PEDALAR É PRECISO!

quinta-feira, 20 de fevereiro de 2014

DEMOCRACIA DIRECTA, É O POVO QUEM MAIS ORDENA

 

A Suiça é seguramente um dos países mais admirados do mundo. Mas é também um dos mais detestados.

Mais detestado do que os EUA, do que a Rússia, do que a China? Mais detestado do que a União Europeia?

Seja qual for a resposta a esta questão, o país helvético é um exemplo que merece ser reflectido a propósito da democracia e dos poderes que mandam around the world.

A Confederação Helvética tem pouco mais de 8 milhões de habitantes. Comparada com Portugal quase se poderia dizer que é um pequeno país. Um pequeno país com altas montanhas. Nós temos a ilha do Pico e a Serra da Estrela, 2.000 metros de altitude, que eu saiba, no Pico nunca neva.  

Politicamente, vale a pena comparar Portugal com a Suiça?

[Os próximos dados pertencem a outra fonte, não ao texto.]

lemma kernel_comp_eq_zero:
  assumes "kernel C F m" "F \<in> Hom C P Y" "m \<in> Hom C K P"
  shows "F \<cdot> m = zero_hom K Y"
proof -
  have "zero_mor C (F \<cdot> m)"
    using assms(1) unfolding kernel_def by (elim conjE)
  then show ?thesis
    using zero_mor_iff[OF comp_in_Hom[OF assms(3,2)]] by simp
qed

lemma kernel_lift:
  assumes K: "kernel C F m" and F: "F \<in> Hom C P Y" and m: "m \<in> Hom C K P"
    and g: "g \<in> Hom C W P" and Fg: "F \<cdot> g = zero_hom W Y"
  obtains h where "h \<in> Hom C W K" "m \<cdot> h = g"
proof -
  have lift: "\<forall>g\<in>mor C. cd C g = dm C F \<longrightarrow> zero_mor C (F \<cdot> g) \<longrightarrow>
      (\<exists>!h. h \<in> Hom C (dm C g) (dm C m) \<and> m \<cdot> h = g)"
    using K unfolding kernel_def by (elim conjE)
  have "zero_mor C (F \<cdot> g)"
    using zero_mor_iff[OF comp_in_Hom[OF g F]] Fg by simp
  moreover have "cd C g = dm C F"
    using HomD[OF g] HomD[OF F] by simp
  ultimately have "\<exists>h. h \<in> Hom C (dm C g) (dm C m) \<and> m \<cdot> h = g"
    using lift HomD(1)[OF g] ex1_implies_ex by blast
  then show thesis
    using that HomD[OF g] HomD[OF m] by auto
qed

lemma biproductD:
  assumes B: "biproduct C X1 X2 P s1 r1 s2 r2"
  shows "P \<in> obj C" "s1 \<in> Hom C X1 P" "r1 \<in> Hom C P X1" "s2 \<in> Hom C X2 P" "r2 \<in> Hom C P X2"
    "r1 \<cdot> s1 = idt C X1" "r2 \<cdot> s2 = idt C X2"
    "r2 \<cdot> s1 = zero_hom X1 X2" "r1 \<cdot> s2 = zero_hom X2 X1"
proof -
  have "P \<in> obj C \<and> s1 \<in> Hom C X1 P \<and> r1 \<in> Hom C P X1 \<and> s2 \<in> Hom C X2 P \<and> r2 \<in> Hom C P X2 \<and>
      r1 \<cdot> s1 = idt C X1 \<and> r2 \<cdot> s2 = idt C X2 \<and> zero_mor C (r2 \<cdot> s1) \<and> zero_mor C (r1 \<cdot> s2)"
    using B unfolding biproduct_def by (elim conjE) (intro conjI; assumption)
  then show "P \<in> obj C" "s1 \<in> Hom C X1 P" "r1 \<in> Hom C P X1" "s2 \<in> Hom C X2 P" "r2 \<in> Hom C P X2"
    "r1 \<cdot> s1 = idt C X1" "r2 \<cdot> s2 = idt C X2"
    "r2 \<cdot> s1 = zero_hom X1 X2" "r1 \<cdot> s2 = zero_hom X2 X1"
    using zero_mor_iff[of "r2 \<cdot> s1" X1 X2] zero_mor_iff[of "r1 \<cdot> s2" X2 X1] comp_in_Hom by blast+
qed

Sim, acho que vale a pena.

Portugal é um país com um glorioso passado de descobridor das sete partidas do mundo, a Suiça não descobriu nada, nem sequer tem mar. Como disse o Orson Wells, descobriu o relógio de cuco.

Portugal não teve propriamente guerras de religião, a Suiça teve o Jean Calvin e os seus seguidores e outros da mesma estirpe, durante imenso tempo andaram-se a matar uns aos outros por causa de questões teológicas.

As nossas guerras teológicas, conduzidas pela inquisição espanhola, elegeram uma vítima privilegiada, os judeus. Uma guerra com fogueiras, torturas, massacres, expulsões. Entre o Jean Calvin e a Inquisição, venha o diabo e que escolha.

Portugal é um país falido, sem indústria, sem pescas, sem agricultura, tem mais de um milhão de desempregados e, pelo menos, dois milhões de pobres com fome.

A Suiça é um dos países mais ricos do mundo, domina as indústrias farmacêutica e alimentar, é rainha da relojoaria, do queijo gruyère e da raclette. Tem a Nestlé e a Migros, é o país das grandes multinacionais. Tem o segredo bancário e os bancos, claro.

Nós temos o Jerónimo Martins que imigrou para a Holanda. Somos um país especializado na emigração. É quase certo que os pouco mais de dez milhões de habitantes que temos actualmente desaparecerão até ao final do séc. XXI, talvez, na melhor das hipóteses, até 2.150. O último sobrevivente que apague a luz.

Voltemos ao princípio. A Suiça é detestada por muita gente, sobretudo de esquerda, não há volta a dar. Portugal nem é detestado, nem é amado. Para todos os efeitos, este país, como diria a Ivone Silva é um colosso, está tudo grosso, está tudo grosso! Um país de sarjeta, que desperta em alguns passantes mais atentos e caridosos vagos sentimentos maternais e cristãos, coitados dos portugueses!

A Suiça é rica, é próspera, defende com unhas e dentes o segredo dos cofres dos seus bancos da Bahnhoffstrasse de Zurique, os quais acolhem de braços abertos as fortunas de todos os ditadores, torcionários, capitalistas delinquentes, ladrões da alta finança, traficantes de armas, et j’en passe.

Zurique é a capital do arquipélago da roubalheira off shore. Off shore, fora da lei, fora da decência e da justiça, paraíso para criminosos. Sendo a capital deste arquipélago internacional da finança fora da lei, é supremamente justo que a Suiça figure no ranking dos países mais detestáveis. Detestemos, então, também as outras ilhas do arquipélago europeu desta roubalheira: Luxemburgo, Reino Unido, Liechtenstein, San Marino.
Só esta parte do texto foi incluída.